Tuesday, July 18, 2006

Post-James bliss!

Now, after reading The Golden Bowl, I am naturally predisposed to think that just about anything is more readable than James' voluminous prose. Nonetheless, I am convinced that Iris Murdoch's Under the Net is a true gem -- and one that I had never heard of before beginning my Modern Library quest.

The plot is simple, but the ordinary events capture the fantastic. The writing is witty and sparkling, subtle but hilarious. The end is poignant and understated. And there's love between a man and a dog. What more could this girl ask for?

ON LOVE:

"Anna is one of those women who cannot bear to reject any offer of love...To anyone who will take the trouble to become attached to her she will immediately give a devoted, generous, imaginative and completely uncapricious attention, which is still a calculated avoidance of self-surrender."

"Oh, love, love!" said Anna. "How tired I am of that word. What has love ever meant to me but creaking stairs in other people's houses? What use has all this love ever been that men forced on me? Love is persecution. All I want is to be left alone to do some loving on my own account. ... This talk of love means very little. Love is not a feeling. It can be tested. Love is action, it is silence."

"When does one ever know a human being? Perhaps only after one has realized the impossibility of knowledge and renounced the desire for it and finally ceased to feel the need for it. But then what one achieves is no longer knowledge, it is simply a kind of co-existence; and this too is one of the guises of love."

ON TRUTH AND PERCEPTION:

"Some situations can't be unravelled...they just have to be dropped. The trouble with you is that you want to understand everything sympathetically. It can't be done. One must just blunder on. Truth lies in blundering on."

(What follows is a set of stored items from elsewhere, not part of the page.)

(* Write p(A) for the probability that one uniform draw has profile A, d(A) for the download
   probability of a tick of a peer with profile A, a_i (b_i) for the probability that a draw
   holds (misses) chunk i, t_i = p({1..k} - {i}) and z = p({}).  Then r = S * sum_A p(A) d(A).
   The proof has three ingredients:
   (1) r0 is the probability that three draws contain a rare chunk, so by the union bound
       r0 <= sum_i 3 a_i b_i^2;
   (2) b_i splits as z + t_i + m_i, where m_i is the mass of the "middle" profiles
       (nonempty, at most k-2 chunks) missing i; a middle peer missing i downloads at least
       with probability a_i, and the peer with profile {1..k} - {i} with probability a_i t_i^2;
   (3) with LM, LT the rate contributions of the middle and of the (k-1)-chunk profiles,
       these give r0 <= 6k z + 6k LM + 3 W with W = sum_i a_i t_i^2 and W^2 <= k LT
       (Cauchy-Schwarz), while r/S >= z r0 + LM + LT; elementary algebra concludes. *)

section \<open>Single draws\<close>

lemma finite_profiles: "finite (profiles k)"
  unfolding profiles_def by simp

lemma num_peers_pos: "num_peers k x > 0"
  unfolding num_peers_def by simp

lemma draw_prob_nonneg: "draw_prob k x A \<ge> 0"
  unfolding draw_prob_def by simp

lemma draw_prob_sum:
  assumes state: "\<forall>P. x P \<noteq> 0 \<longrightarrow> P \<in> nonseed_profiles k"
  shows "(\<Sum>A\<in>profiles k. draw_prob k x A) = 1"
proof -
  have full: "{1..k} \<in> profiles k" unfolding profiles_def by simp
  have no_complete_peer: "x {1..k} = 0" using state unfolding nonseed_profiles_def by auto
  have nonseed: "nonseed_profiles k = profiles k - {{1..k}}"
    unfolding nonseed_profiles_def profiles_def by simp
  have "(\<Sum>A\<in>profiles k. real (x A) + (if A = {1..k} then 1 else 0))
        = (\<Sum>A\<in>profiles k. real (x A)) + 1"
    using full finite_profiles by (simp add: sum.distrib)
  also have "(\<Sum>A\<in>profiles k. real (x A)) = (\<Sum>A\<in>nonseed_profiles k. real (x A))"
    unfolding nonseed using full finite_profiles no_complete_peer by (simp add: sum_diff1)
  finally have "(\<Sum>A\<in>profiles k. real (x A) + (if A = {1..k} then 1 else 0))
      = real (num_peers k x)"
    unfolding num_peers_def by simp
  then show ?thesis
    unfolding draw_prob_def using num_peers_pos[of k x]
    by (simp add: sum_divide_distrib[symmetric])
qed

lemma draw_prob_le_1:
  assumes "\<forall>P. x P \<noteq> 0 \<longrightarrow> P \<in> nonseed_profiles k" and "A \<in> profiles k"
  shows "draw_prob k x A \<le> 1"
  using member_le_sum[of A "profiles k" "draw_prob k x"] finite_profiles draw_prob_nonneg
    draw_prob_sum[OF assms(1)] assms(2) by fastforce

definition hold_prob :: "nat \<Rightarrow> (nat set \<Rightarrow> nat) \<Rightarrow> nat \<Rightarrow> real" where
  "hold_prob k x i = (\<Sum>A\<in>{A\<in>profiles k. i \<in> A}. draw_prob k x A)"

definition miss_prob :: "nat \<Rightarrow> (nat set \<Rightarrow> nat) \<Rightarrow> nat \<Rightarrow> real" where
  "miss_prob k x i = (\<Sum>A\<in>{A\<in>profiles k. i \<notin> A}. draw_prob k x A)"

lemma hold_prob_indicator:
  "(\<Sum>A\<in>profiles k. draw_prob k x A * (if i \<in> A then 1 else 0)) = hold_prob k x i"
  unfolding hold_prob_def sum.inter_filter[OF finite_profiles] by (intro sum.cong) auto

lemma miss_prob_indicator:
  "(\<Sum>A\<in>profiles k. draw_prob k x A * (if i \<notin> A then 1 else 0)) = miss_prob k x i"
  unfolding miss_prob_def sum.inter_filter[OF finite_profiles] by (intro sum.cong) auto

lemma hold_miss_prob:
  assumes "\<forall>P. x P \<noteq> 0 \<longrightarrow> P \<in> nonseed_profiles k"
  shows "hold_prob k x i + miss_prob k x i = 1"
    and "0 \<le> hold_prob k x i" and "hold_prob k x i \<le> 1"
    and "0 \<le> miss_prob k x i" and "miss_prob k x i \<le> 1"
proof -
  have "hold_prob k x i + miss_prob k x i = (\<Sum>A\<in>profiles k. draw_prob k x A)"
    unfolding hold_prob_indicator[symmetric] miss_prob_indicator[symmetric] sum.distrib[symmetric]
    by (intro sum.cong) auto
  then show sum1: "hold_prob k x i + miss_prob k x i = 1"
    using draw_prob_sum[OF assms] by simp
  show hold0: "0 \<le> hold_prob k x i" and miss0: "0 \<le> miss_prob k x i"
    unfolding hold_prob_def miss_prob_def by (simp_all add: sum_nonneg draw_prob_nonneg)
  show "hold_prob k x i \<le> 1" and "miss_prob k x i \<le> 1"
    using sum1 hold0 miss0 by linarith+
qed

section \<open>Expectations over three independent draws\<close>

lemma exp3_cong:
  assumes "\<And>A1 A2 A3. f [A1, A2, A3] = g [A1, A2, A3]"
  shows "exp3 k x f = exp3 k x g"
  unfolding exp3_def using assms by simp

lemma exp3_mono:
  assumes "\<And>A1 A2 A3. f [A1, A2, A3] \<le> g [A1, A2, A3]"
  shows "exp3 k x f \<le> exp3 k x g"
  unfolding exp3_def
  by (intro sum_mono mult_left_mono assms) (auto intro: mult_nonneg_nonneg draw_prob_nonneg)

lemma exp3_nonneg:
  assumes "\<And>A1 A2 A3. f [A1, A2, A3] \<ge> 0"
  shows "exp3 k x f \<ge> 0"
  using exp3_mono[of "\<lambda>_. 0" f k x] assms by (simp add: exp3_def)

"...I felt neither happy nor sad, only rather unreal, like a man shut in a glass. Events stream past us like these crowds and the face of each is seen only for a minute. What is urgent is not urgent forever but only ephemerally. All work and all love, the search for wealth and fame, the search for truth, life itself, are made up of moments which pass and become nothing. Yet through this shaft of nothings we drive onward with that miraculous vitality that creates our precarious habitations in the past and the future. So we live; a spirit that broods and hovers over the continual death of time, the lost meaning, the unrecaptured moment, the unremembered face, until the final chop chop that ends all our moments and plunges that spirit back into the void from which it came."